[Stored items]
theorem lemma4p4:
  fixes \<alpha> :: nat
  shows "(\<forall>(k::nat) (R::real). 1 \<le> k \<longrightarrow> R \<le> real k \<longrightarrow> R > 2 * real \<alpha> + 2 \<longrightarrow>
            measure (laguerre_gamma_distr \<alpha> k) {..R}
              \<le> 3 ^ (2 * \<alpha> + 1) * R ^ (\<alpha> + 1) * measure (gamma_distr (k - 2 * \<alpha> - 2)) {..R})
       \<and> (\<forall>(k::nat) (R::real). 1 \<le> k \<longrightarrow> real k \<le> R \<longrightarrow>
            measure (laguerre_gamma_distr \<alpha> k) {R..}
              \<le> 4 ^ \<alpha> * real k ^ \<alpha> * measure (gamma_distr (k + \<alpha>)) {R..})"
proof (intro conjI allI impI)
  fix k :: nat and R :: real
  assume "1 \<le> k" "R \<le> real k" "R > 2 * real \<alpha> + 2"
  then have "2 * \<alpha> + 3 \<le> k" by linarith
  then show "measure (laguerre_gamma_distr \<alpha> k) {..R}
      \<le> 3 ^ (2 * \<alpha> + 1) * R ^ (\<alpha> + 1) * measure (gamma_distr (k - 2 * \<alpha> - 2)) {..R}"
    using \<open>R \<le> real k\<close> \<open>R > 2 * real \<alpha> + 2\<close> emeasure_gamma_distr_finite
    unfolding laguerre_gamma_distr_def gamma_distr_def
    by (intro measure_density_le_cmult laguerre_gamma_density_le_lower_tail) auto
next
  fix k :: nat and R :: real
  assume "1 \<le> k" "real k \<le> R"
  then show "measure (laguerre_gamma_distr \<alpha> k) {R..}
      \<le> 4 ^ \<alpha> * real k ^ \<alpha> * measure (gamma_distr (k + \<alpha>)) {R..}"
    using emeasure_gamma_distr_finite
    unfolding laguerre_gamma_distr_def gamma_distr_def
    by (intro measure_density_le_cmult laguerre_gamma_density_le_upper_tail) auto
qed

end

→ Your assignment: Wherever "auto" turns up in the records, copy the whole line.

→ Your solution:
    by (intro measure_density_le_cmult laguerre_gamma_density_le_lower_tail) auto
    by (intro measure_density_le_cmult laguerre_gamma_density_le_upper_tail) auto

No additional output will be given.